We’re not supposed to say that. We’re certainly not supposed to want to say that.
But we must.
“It’s not for you” shows the ability to respect someone enough that you’re not going to waste their time, pander to them, or insist that they change their beliefs. It shows respect for those you seek to serve, to say to them, “I made this for you. Not for the other folks, but for you.” Two sides of the same coin.
It’s the freedom to ignore the critics who don’t get the joke, the privilege of polishing your story for those that most need to hear it. . . . This is where you will find work that you can be proud of.
Because it doesn’t matter what people you’re not seeking to serve think. What matters is whether you’ve changed the people who trust you, the people who have connected with you, the people you seek to serve.
We know that every best-selling book on Amazon has at least a few one-star reviews. It’s impossible to create work that both matters and pleases everyone.
The comedian’s dilemma
One of the great comics of our time is booked for a gig in New York City. His agent isn’t paying attention, though.
The comic shows up at the club; he’s in a good mood. He brings his best material. He’s up there, working the room, and no one is laughing.
Not a peep.
He’s bombing.
After the show, he’s beating himself up, thinking of quitting comedy altogether.
Then he discovers that the audience is an Italian tour group, and no one understands English.
“It’s not for you.”
It’s entirely possible that your work isn’t as good as it needs to be. But it’s also possible that you failed to be clear about who it was for in the first place.
The simple marketing promise
Here’s a template, a three-sentence marketing promise you can run with: My product is for people who believe _________.
I will focus on people who want _________.

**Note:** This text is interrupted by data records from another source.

lemma norm_orbital_sum_le_thick_thin:
  assumes ab: "0 \<le> a" "a \<le> b" "b \<le> 1" and t: "0 < t" and \<Gamma>: "subgroup_PSL2 \<Gamma>"
    and z: "Im z > 0" and r: "0 < r" "r < 3" "injrad \<Gamma> > r" and L: "L > 0"
  shows "cmod (infsum (\<lambda>\<gamma>. K_t a b t (hdist z (\<gamma> z))) (\<Gamma> - {id}))
          \<le> orbital_bound t r (2 * L) + (if injrad_at \<Gamma> z < L then orbital_bound t r (2 * r) else 0)"
proof (cases "\<Gamma> - {id} = {}")
  case True
  show ?thesis
    unfolding True using orbital_bound_nonneg[OF t r(1)] by simp
next
  case False
  have displaced: "2 * r < hdist z (\<gamma> z)" "2 * injrad_at \<Gamma> z \<le> hdist z (\<gamma> z)" if "\<gamma> \<in> \<Gamma> - {id}" for \<gamma>
    using injrad_le_injrad_at[OF \<Gamma> False z] injrad_at_le_hdist[OF \<Gamma> z that] r by auto
  show ?thesis
  proof (cases "injrad_at \<Gamma> z < L")
    case True
    have "2 * r < hdist z (\<gamma> z) \<and> 2 * r \<le> hdist z (\<gamma> z)" if "\<gamma> \<in> \<Gamma> - {id}" for \<gamma>
      using displaced(1)[OF that] by simp
    then have "cmod (infsum (\<lambda>\<gamma>. K_t a b t (hdist z (\<gamma> z))) (\<Gamma> - {id})) \<le> orbital_bound t r (2 * r)"
      using r by (intro norm_orbital_sum_le[OF ab t \<Gamma> z r(1,2)]) auto
    then show ?thesis
      using True orbital_bound_nonneg[OF t r(1)] by (simp add: add_increasing)
  next
    case False
    have "cmod (infsum (\<lambda>\<gamma>. K_t a b t (hdist z (\<gamma> z))) (\<Gamma> - {id})) \<le> orbital_bound t r (2 * L)"
      using displaced L False by (intro norm_orbital_sum_le[OF ab t \<Gamma> z r(1,2)]) force+
    then show ?thesis
      using False by simp
  qed
qed

lemma norm_R_K_le_thick_thin:
  assumes ab: "0 \<le> a" "a \<le> b" "b \<le> 1" and t: "0 < t" and \<Gamma>: "subgroup_PSL2 \<Gamma>"
    and D: "fundamental_domain \<Gamma> D" and r: "0 < r" "r < 3" "injrad \<Gamma> > r" and L: "L > 0"
  shows "cmod (R_K \<Gamma> D t a b) \<le> orbital_bound t r (2 * L) + orbital_bound t r (2 * r) * (vol_thin \<Gamma> D L / volX D)"
proof -
  define f where "f = (\<lambda>z. infsum (\<lambda>\<gamma>. K_t a b t (hdist z (\<gamma> z))) (\<Gamma> - {id}))"
  define T where "T = {z\<in>D. injrad_at \<Gamma> z < L}"
  have RHS_nonneg: "0 \<le> orbital_bound t r (2 * L) + orbital_bound t r (2 * r) * (vol_thin \<Gamma> D L / volX D)"
    using orbital_bound_nonneg[OF t r(1)] unfolding vol_thin_def volX_def by simp
  consider (trivial_group) "\<Gamma> - {id} = {}" | (null_area) "volX D = 0" | (main) "\<Gamma> - {id} \<noteq> {}" "volX D > 0"
    using measure_nonneg[of muH D] unfolding volX_def by (metis less_eq_real_def)
  then show ?thesis
  proof cases
    case trivial_group
    show ?thesis
      unfolding R_K_def trivial_group using RHS_nonneg by simp
  next
    case null_area
    \<comment> \<open>Then \<open>R_K\<close> vanishes because \<open>1 / 0 = 0\<close>; this includes \<open>D\<close> of infinite area, whose \<open>measure\<close> is \<open>0\<close>.\<close>
    show ?thesis
      unfolding R_K_def null_area using orbital_bound_nonneg[OF t r(1)] by simp
  next
    case main
    have D_sets: "D \<in> sets muH" "D \<subseteq> Hplane"
      using D unfolding fundamental_domain_def muH_def by auto
    have "emeasure muH D < \<infinity>"
      using main(2) unfolding volX_def by (metis infinity_ennreal_def less_top measure_def enn2real_top less_irrefl)
    moreover have "T \<in> sets muH" "T \<subseteq> D"
      using thin_part_borel[OF \<Gamma> main(1)] D unfolding T_def fundamental_domain_def muH_def by auto
    moreover have "cmod (f z) \<le> orbital_bound t r (2 * L) + (if z \<in> T then orbital_bound t r (2 * r) else 0)"
      if "z \<in> D" for z
    proof -
      have "Im z > 0"
        using that D_sets(2) by (auto simp: Hplane_def)
      then show ?thesis
        using norm_orbital_sum_le_thick_thin[OF ab t \<Gamma> _ r L] that unfolding f_def T_def by simp
    qed
    ultimately have "cmod (LINT z:D|muH. f z) \<le> orbital_bound t r (2 * L) * volX D + orbital_bound t r (2 * r) * vol_thin \<Gamma> D L"
      unfolding volX_def vol_thin_def T_def[symmetric]
      using orbital_bound_nonneg[OF t r(1)] by (intro norm_set_integral_le_split D_sets(1)) auto
    then show ?thesis
      unfolding R_K_def f_def[symmetric] norm_mult norm_of_real using main(2)
      by (simp add: field_simps)
  qed
qed

lemma strip_const_le:
  assumes "t \<ge> 1/200"
  shows "strip_const t \<le> exp 20001 * t * exp (12321/8 * t\<^sup>2)"
proof -
  have "1/40000 \<le> t\<^sup>2"
    using power_mono[OF assms, of 2] by (simp add: power2_eq_square)
  then have "1 / (2 * t\<^sup>2) \<le> 20000"
    by (simp add: divide_le_eq)
  then have "exp ((111/2)\<^sup>2 * t\<^sup>2 / 2 + 1 / (2 * t\<^sup>2) + 1) \<le> exp (20001 + 12321/8 * t\<^sup>2)"
    by (simp add: power2_eq_square)
  then show ?thesis
    unfolding strip_const_def using assms by (simp add: exp_add mult_ac)
qed

text \<open>Since \<open>t \<ge> 1/200\<close>, the Gaussian factor \<open>exp (c * t\<^sup>2)\<close> of \<open>strip_const t\<close> can be traded
  against \<open>exp (- 3 * m / 4)\<close> whenever \<open>m\<close> is a large multiple of \<open>t\<^sup>2\<close>, and \<open>r < 3\<close> is
  absorbed into \<open>t\<^sup>2\<close>.\<close>
lemma orbital_bound_le:
  assumes t: "t \<ge> 1/200" and r: "0 < r" "r < 3" and m: "12321/8 * t\<^sup>2 - 3 * m / 4 \<le> X - t\<^sup>2 / 16"
  shows "orbital_bound t r m \<le> 120000 * 61600 * exp (23/4) * exp 20001 * (t^3 / r^4 * exp (- (t\<^sup>2 / 16))) * exp X"
proof -
  define K :: real where "K = 61600 * exp (23/4) * exp 20001"
  have "K > 0"
    unfolding K_def by simp
  have "r \<le> 120000 * t\<^sup>2"
    using power_mono[OF t, of 2] r by (simp add: power2_eq_square)
  have "orbital_bound t r m = 61600 * exp (23/4) * (strip_const t * exp (- 3 * m / 4)) / r ^ 3"
    unfolding orbital_bound_def by (simp add: mult_ac)
  also have "\<dots> \<le> 61600 * exp (23/4) * (exp 20001 * t * exp (12321/8 * t\<^sup>2) * exp (- 3 * m / 4)) / r ^ 3"
    using strip_const_le[OF t] r by (intro divide_right_mono mult_left_mono mult_right_mono) auto
  also have "\<dots> = K * t * exp (12321/8 * t\<^sup>2 - 3 * m / 4) / r ^ 3"
    unfolding K_def by (simp add: mult_ac flip: exp_add)
  also have "\<dots> \<le> K * t * exp (X - t\<^sup>2 / 16) / r ^ 3"
    using m \<open>K > 0\<close> t r by (intro divide_right_mono mult_left_mono) auto
  also have "\<dots> = K * (t * r) * exp (- (t\<^sup>2 / 16)) * exp X / r ^ 4"
  proof -
    have "exp (X - t\<^sup>2 / 16) = exp (- (t\<^sup>2 / 16)) * exp X" "r ^ 4 = r * r ^ 3"
      by (simp_all add: power3_eq_cube power4_eq_xxxx flip: exp_add)
    then show ?thesis
      using r by simp
  qed
  also have "\<dots> \<le> K * (t * (120000 * t\<^sup>2)) * exp (- (t\<^sup>2 / 16)) * exp X / r ^ 4"
    using \<open>r \<le> 120000 * t\<^sup>2\<close> \<open>K > 0\<close> t r by (intro divide_right_mono mult_right_mono mult_left_mono) auto
  also have "\<dots> = 120000 * K * (t^3 / r^4 * exp (- (t\<^sup>2 / 16))) * exp X"
    by (simp add: power2_eq_square power3_eq_cube)
  finally show ?thesis
    unfolding K_def by (simp add: mult_ac)
qed

lemma thick_thin_bounds_le:
  assumes t: "t \<ge> 1/200" and r: "0 < r" "r < 3" and L: "L \<ge> 2^12 * t\<^sup>2" and "0 \<le> v"
  shows "orbital_bound t r (2 * L) + orbital_bound t r (2 * r) * v
    \<le> 120000 * 61600 * exp (23/4) * exp 20001 * (t^3 / r^4 * exp (- (t\<^sup>2 / 16)) * (exp (- L) + v * exp L))"
proof -
  have "4096 * t\<^sup>2 \<le> L"
    using L by simp
  then have "12321/8 * t\<^sup>2 - 3 * (2 * L) / 4 \<le> - L - t\<^sup>2 / 16" "12321/8 * t\<^sup>2 - 3 * (2 * r) / 4 \<le> L - t\<^sup>2 / 16"
    using r zero_le_power2[of t] by linarith+
  then have "orbital_bound t r (2 * L) + orbital_bound t r (2 * r) * v
      \<le> 120000 * 61600 * exp (23/4) * exp 20001 * (t^3 / r^4 * exp (- (t\<^sup>2 / 16))) * exp (- L)
        + 120000 * 61600 * exp (23/4) * exp 20001 * (t^3 / r^4 * exp (- (t\<^sup>2 / 16))) * exp L * v"
    using \<open>0 \<le> v\<close> by (intro add_mono mult_right_mono orbital_bound_le[OF t r])
  then show ?thesis
    by (simp add: algebra_simps add_divide_distrib)
qed

lemma exp_neg_sq_le_delta:
  fixes b t :: real
  assumes "0 \<le> b"
  shows "exp (- (t\<^sup>2 / 16)) \<le> exp (- (t\<^sup>2 * (max (1/4 - b) 0)\<^sup>2))"
proof -
  have "(max (1/4 - b) 0)\<^sup>2 \<le> (1/4)\<^sup>2"
    using assms by (intro power_mono) (auto simp: max_def)
  then have "t\<^sup>2 * (max (1/4 - b) 0)\<^sup>2 \<le> t\<^sup>2 * (1/4)\<^sup>2"
    by (intro mult_left_mono) auto
  then show ?thesis
    by (simp add: power2_eq_square)
qed

theorem lemma3p7:
  shows "\<exists>C::real. \<forall>(\<Gamma>::(complex \<Rightarrow> complex) set) (D::complex set) (a::real) (b::real) (r::real) (t::real) (L::real).
     fuchsian \<Gamma> \<and> cocompact \<Gamma> \<and> fundamental_domain \<Gamma> D \<and>
     0 \<le> a \<and> a \<le> b \<and> b \<le> 1 \<and> 0 < r \<and> r < 3 \<and> injrad \<Gamma> > r \<and>
     t \<ge> 1/200 \<and> L \<ge> 2^12 * t\<^sup>2 \<longrightarrow>
     cmod (R_K \<Gamma> D t a b) \<le>
       C * (t^3 / r^4 * exp (- (t\<^sup>2 * (max (1/4 - b) 0)\<^sup>2)) *
            (exp (- L) + vol_thin \<Gamma> D L / volX D * exp L))"
proof (intro exI allI impI, elim conjE)
  fix \<Gamma> :: "(complex \<Rightarrow> complex) set" and D :: "complex set" and a b r t L :: real
  assume \<Gamma>: "fuchsian \<Gamma>" and D: "fundamental_domain \<Gamma> D" and ab: "0 \<le> a" "a \<le> b" "b \<le> 1"
    and r: "0 < r" "r < 3" "injrad \<Gamma> > r" and t: "t \<ge> 1/200" and L: "L \<ge> 2^12 * t\<^sup>2"
  define v where "v = vol_thin \<Gamma> D L / volX D"
  have "0 < t" "0 < L" "0 \<le> v"
    using t L unfolding v_def vol_thin_def volX_def by (auto intro: order.strict_trans2[OF _ L])
  have "cmod (R_K \<Gamma> D t a b) \<le> orbital_bound t r (2 * L) + orbital_bound t r (2 * r) * v"
    using \<Gamma> unfolding fuchsian_def v_def by (intro norm_R_K_le_thick_thin ab \<open>0 < t\<close> D r \<open>0 < L\<close>) auto
  also have "\<dots> \<le> 120000 * 61600 * exp (23/4) * exp 20001 *
      (t^3 / r^4 * exp (- (t\<^sup>2 / 16)) * (exp (- L) + v * exp L))"
    by (rule thick_thin_bounds_le[OF t r(1,2) L \<open>0 \<le> v\<close>])
  also have "\<dots> \<le> 120000 * 61600 * exp (23/4) * exp 20001 *
      (t^3 / r^4 * exp (- (t\<^sup>2 * (max (1/4 - b) 0)\<^sup>2)) * (exp (- L) + v * exp L))"
    using exp_neg_sq_le_delta[of b t] ab r \<open>0 < t\<close> \<open>0 \<le> v\<close>
    by (intro mult_left_mono mult_right_mono) auto
  finally show "cmod (R_K \<Gamma> D t a b) \<le> 120000 * 61600 * exp (23/4) * exp 20001 *
      (t^3 / r^4 * exp (- (t\<^sup>2 * (max (1/4 - b) 0)\<^sup>2)) * (exp (- L) + vol_thin \<Gamma> D L / volX D * exp L))"
    unfolding v_def .
qed

end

I promise that engaging with what I make will help you get _________.
And you thought that all you were here to do was sell soap.
Case Study: The Open Heart Project
Susan Piver was a respected teacher of meditation. She had written a New York Times best-selling book, and her classes were well attended. She, like many before her, had a practice and a small following.
What she found, though, was that after a retreat, people from out of town would ask, “How do we find a local teacher we can connect with to continue our practice?” To meet this need, she decided to build an online meditation center, a sangha.
A few years later, the sangha has more than twenty thousand members. Most of them get periodic updates and video lessons, and pay nothing for the interactions. Some, though, are more deeply connected. They pay a subscription fee and engage with their teacher (and with each other) as often as every day.
How did she get to twenty thousand? Not in one fell swoop. In thousands of small swoops.
After just a few years, this small project has become the largest meditation community in the world. With just one full-time staff member, it connects and inspires thousands of people.
There are countless meditation instructors in the United States, all of whom have access to a laptop as connected to the world as Susan’s is. How did the Open Heart Project make such an impact?
Start with empathy to see a real need. Not an invented one, not “How can I start a business?” but, “What would matter here?” Focus on the smallest viable market: “How few people could find this indispensable and still make it worth doing?” Match the worldview of the people being served. Show up in the world with a story that they want to hear, told in a language they’re eager to understand.
Make it easy to spread. If every member brings in one more member, within a few years, you’ll have more members than you can count.
Earn, and keep, the attention and trust of those you serve.
Offer ways to go deeper. Instead of looking for members for your work, look for ways to do work for your members.
At every step along the way, create and relieve tension as people progress in their journeys toward their goals.
Show up, often. Do it with humility, and focus on the parts that work.